» RECORDS TO USE

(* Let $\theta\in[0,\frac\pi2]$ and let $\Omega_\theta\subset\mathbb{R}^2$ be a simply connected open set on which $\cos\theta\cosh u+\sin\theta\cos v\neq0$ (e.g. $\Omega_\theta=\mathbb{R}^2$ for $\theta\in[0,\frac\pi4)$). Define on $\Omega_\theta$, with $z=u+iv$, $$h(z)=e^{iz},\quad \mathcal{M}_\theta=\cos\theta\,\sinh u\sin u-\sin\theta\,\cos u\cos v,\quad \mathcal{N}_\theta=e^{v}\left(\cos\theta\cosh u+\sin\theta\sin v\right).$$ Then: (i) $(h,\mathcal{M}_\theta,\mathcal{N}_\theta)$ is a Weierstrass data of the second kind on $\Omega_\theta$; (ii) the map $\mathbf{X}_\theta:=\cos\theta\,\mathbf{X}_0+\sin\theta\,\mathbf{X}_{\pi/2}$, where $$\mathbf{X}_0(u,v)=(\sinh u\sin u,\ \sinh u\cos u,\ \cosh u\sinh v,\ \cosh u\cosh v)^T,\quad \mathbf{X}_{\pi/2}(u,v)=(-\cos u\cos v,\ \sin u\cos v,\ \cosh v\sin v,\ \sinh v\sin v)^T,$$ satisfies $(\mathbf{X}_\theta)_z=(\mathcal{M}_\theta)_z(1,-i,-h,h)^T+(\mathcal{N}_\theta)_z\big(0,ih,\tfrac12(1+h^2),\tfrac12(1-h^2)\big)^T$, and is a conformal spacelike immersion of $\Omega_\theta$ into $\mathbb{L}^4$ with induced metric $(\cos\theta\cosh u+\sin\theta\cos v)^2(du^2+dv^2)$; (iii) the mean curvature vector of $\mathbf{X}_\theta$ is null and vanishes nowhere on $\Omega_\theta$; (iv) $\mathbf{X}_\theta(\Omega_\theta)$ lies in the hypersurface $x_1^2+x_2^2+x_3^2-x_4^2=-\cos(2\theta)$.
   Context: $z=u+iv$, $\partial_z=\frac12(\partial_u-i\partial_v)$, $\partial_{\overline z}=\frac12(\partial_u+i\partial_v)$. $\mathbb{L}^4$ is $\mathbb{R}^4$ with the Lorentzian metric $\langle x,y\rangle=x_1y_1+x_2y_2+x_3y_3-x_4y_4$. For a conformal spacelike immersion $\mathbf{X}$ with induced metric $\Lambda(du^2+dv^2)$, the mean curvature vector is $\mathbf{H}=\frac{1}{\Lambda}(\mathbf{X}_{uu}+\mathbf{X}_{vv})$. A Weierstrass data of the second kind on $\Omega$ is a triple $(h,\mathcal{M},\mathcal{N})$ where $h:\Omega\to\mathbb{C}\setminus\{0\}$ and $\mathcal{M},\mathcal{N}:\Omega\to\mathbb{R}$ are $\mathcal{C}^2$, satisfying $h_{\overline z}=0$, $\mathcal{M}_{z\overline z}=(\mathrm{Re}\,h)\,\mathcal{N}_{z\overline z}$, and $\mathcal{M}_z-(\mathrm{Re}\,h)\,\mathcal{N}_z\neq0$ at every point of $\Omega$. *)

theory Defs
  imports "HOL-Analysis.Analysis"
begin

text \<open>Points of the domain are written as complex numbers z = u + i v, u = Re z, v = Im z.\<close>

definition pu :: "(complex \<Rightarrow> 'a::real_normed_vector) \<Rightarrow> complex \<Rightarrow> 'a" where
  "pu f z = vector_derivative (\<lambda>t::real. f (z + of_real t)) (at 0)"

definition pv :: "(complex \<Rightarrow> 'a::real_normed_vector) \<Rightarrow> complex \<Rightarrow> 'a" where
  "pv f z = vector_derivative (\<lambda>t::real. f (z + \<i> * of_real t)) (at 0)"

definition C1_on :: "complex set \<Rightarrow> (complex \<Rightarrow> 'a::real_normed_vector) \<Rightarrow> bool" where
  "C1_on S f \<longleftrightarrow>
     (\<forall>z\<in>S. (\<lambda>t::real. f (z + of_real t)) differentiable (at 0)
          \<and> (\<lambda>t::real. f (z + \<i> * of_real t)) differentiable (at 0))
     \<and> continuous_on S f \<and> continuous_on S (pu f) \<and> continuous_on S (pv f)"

» TASK TO CARRY OUT
Nothing before the line containing "(z + of_real t)) (at" should be repeated; repeat that line and all later lines through the end of the data above, exactly.

» YOUR RESPONSE
  "pu f z = vector_derivative (\<lambda>t::real. f (z + of_real t)) (at 0)"

definition pv :: "(complex \<Rightarrow> 'a::real_normed_vector) \<Rightarrow> complex \<Rightarrow> 'a" where
  "pv f z = vector_derivative (\<lambda>t::real. f (z + \<i> * of_real t)) (at 0)"

definition C1_on :: "complex set \<Rightarrow> (complex \<Rightarrow> 'a::real_normed_vector) \<Rightarrow> bool" where
  "C1_on S f \<longleftrightarrow>
     (\<forall>z\<in>S. (\<lambda>t::real. f (z + of_real t)) differentiable (at 0)
          \<and> (\<lambda>t::real. f (z + \<i> * of_real t)) differentiable (at 0))
     \<and> continuous_on S f \<and> continuous_on S (pu f) \<and> continuous_on S (pv f)"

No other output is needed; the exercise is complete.